> REQUIREMENT
Everything in the data below is to be reproduced without any deviation.

-*-

lemma nn_integral_frac_powr_weighted_deriv:
  assumes gk: "good_kernel f f'" and p: "p > 1"
  shows "(\<integral>\<^sup>+ t. (\<integral>\<^sup>+ x. ennreal (indicator {0<..} x * frac (t / x) powr p *
             (t powr (1 / p - 1) * (indicator {0<..} t * norm (f' t)))) \<partial>lborel) \<partial>lborel)
           = ennreal ((LINT x:{0<..}|lebesgue. \<bar>rho1 x\<bar> powr p) * nu (1 / p) f')"
proof -
  define R where "R = (LINT x:{0<..}|lebesgue. \<bar>rho1 x\<bar> powr p)"
  define D where "D t = t powr (1 / p - 1) * (indicator {0<..} t * norm (f' t))" for t
  have R_nonneg: "0 \<le> R"
    unfolding R_def by (rule set_integral_nonneg) simp
  have [measurable]: "(\<lambda>t. indicator {0<..} t * norm (f' t)) \<in> borel_measurable borel"
    by (rule good_kernel_deriv_norm_borel_measurable[OF gk])
  have D_measurable [measurable]: "D \<in> borel_measurable borel"
    unfolding D_def by measurable
  have D_nonneg: "0 \<le> D t" for t
    by (simp add: D_def)
  have R: "(\<integral>\<^sup>+ u. ennreal (indicator {0<..} u * rho1 u powr p) \<partial>lborel) = ennreal R"
    using nn_integral_lborel_eq_set_integral[OF rho1_powr_integrable[OF p]]
    by (simp add: R_def rho1_def)
  have inner: "(\<integral>\<^sup>+ x. ennreal (indicator {0<..} x * frac (t / x) powr p * D t) \<partial>lborel)
                 = ennreal R * ennreal (t * D t)" for t
  proof (cases "t > 0")
    case True
    have "(\<integral>\<^sup>+ x. ennreal (indicator {0<..} x * frac (t / x) powr p * D t) \<partial>lborel)
            = ennreal (D t) * (\<integral>\<^sup>+ x. ennreal (indicator {0<..} x * frac (t / x) powr p) \<partial>lborel)"
      using D_nonneg[of t] by (simp add: nn_integral_ennreal_cmult mult.commute[of _ "D t"])
    also have "\<dots> = ennreal R * ennreal (t * D t)"
      unfolding nn_integral_frac_div_powr[OF True] R
      using True D_nonneg[of t] by (simp add: ennreal_mult mult_ac)
    finally show ?thesis .
  qed (simp add: D_def)
  have "t * D t = indicator {0<..} t * (t powr (1 / p) * norm (f' t))" for t
  proof (cases "t > 0")
    case True
    then have "t powr (1 / p - 1) * t = t powr (1 / p)"
      by (intro powr_diff_one_mult_self) simp
    then show ?thesis
      using True by (simp add: D_def mult_ac)
  qed (simp add: D_def)
  then have "(\<integral>\<^sup>+ t. ennreal (t * D t) \<partial>lborel) = ennreal (nu (1 / p) f')"
    using good_kernel_powr_norm_deriv_integrable[OF gk, of "1 / p"] p
    by (simp add: nn_integral_lborel_eq_set_integral nu_def)
  then show ?thesis
    using R_nonneg nu_nonneg
    by (simp add: inner nn_integral_cmult ennreal_mult flip: D_def R_def)
qed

-*-

> RESPONSE TO THE EXERCISE
lemma nn_integral_frac_powr_weighted_deriv:
  assumes gk: "good_kernel f f'" and p: "p > 1"
  shows "(\<integral>\<^sup>+ t. (\<integral>\<^sup>+ x. ennreal (indicator {0<..} x * frac (t / x) powr p *
             (t powr (1 / p - 1) * (indicator {0<..} t * norm (f' t)))) \<partial>lborel) \<partial>lborel)
           = ennreal ((LINT x:{0<..}|lebesgue. \<bar>rho1 x\<bar> powr p) * nu (1 / p) f')"
proof -
  define R where "R = (LINT x:{0<..}|lebesgue. \<bar>rho1 x\<bar> powr p)"
  define D where "D t = t powr (1 / p - 1) * (indicator {0<..} t * norm (f' t))" for t
  have R_nonneg: "0 \<le> R"
    unfolding R_def by (rule set_integral_nonneg) simp
  have [measurable]: "(\<lambda>t. indicator {0<..} t * norm (f' t)) \<in> borel_measurable borel"
    by (rule good_kernel_deriv_norm_borel_measurable[OF gk])
  have D_measurable [measurable]: "D \<in> borel_measurable borel"
    unfolding D_def by measurable
  have D_nonneg: "0 \<le> D t" for t
    by (simp add: D_def)
  have R: "(\<integral>\<^sup>+ u. ennreal (indicator {0<..} u * rho1 u powr p) \<partial>lborel) = ennreal R"
    using nn_integral_lborel_eq_set_integral[OF rho1_powr_integrable[OF p]]
    by (simp add: R_def rho1_def)
  have inner: "(\<integral>\<^sup>+ x. ennreal (indicator {0<..} x * frac (t / x) powr p * D t) \<partial>lborel)
                 = ennreal R * ennreal (t * D t)" for t
  proof (cases "t > 0")
    case True
    have "(\<integral>\<^sup>+ x. ennreal (indicator {0<..} x * frac (t / x) powr p * D t) \<partial>lborel)
            = ennreal (D t) * (\<integral>\<^sup>+ x. ennreal (indicator {0<..} x * frac (t / x) powr p) \<partial>lborel)"
      using D_nonneg[of t] by (simp add: nn_integral_ennreal_cmult mult.commute[of _ "D t"])
    also have "\<dots> = ennreal R * ennreal (t * D t)"
      unfolding nn_integral_frac_div_powr[OF True] R
      using True D_nonneg[of t] by (simp add: ennreal_mult mult_ac)
    finally show ?thesis .
  qed (simp add: D_def)
  have "t * D t = indicator {0<..} t * (t powr (1 / p) * norm (f' t))" for t
  proof (cases "t > 0")
    case True
    then have "t powr (1 / p - 1) * t = t powr (1 / p)"
      by (intro powr_diff_one_mult_self) simp
    then show ?thesis
      using True by (simp add: D_def mult_ac)
  qed (simp add: D_def)
  then have "(\<integral>\<^sup>+ t. ennreal (t * D t) \<partial>lborel) = ennreal (nu (1 / p) f')"
    using good_kernel_powr_norm_deriv_integrable[OF gk, of "1 / p"] p
    by (simp add: nn_integral_lborel_eq_set_integral nu_def)
  then show ?thesis
    using R_nonneg nu_nonneg
    by (simp add: inner nn_integral_cmult ennreal_mult flip: D_def R_def)
qed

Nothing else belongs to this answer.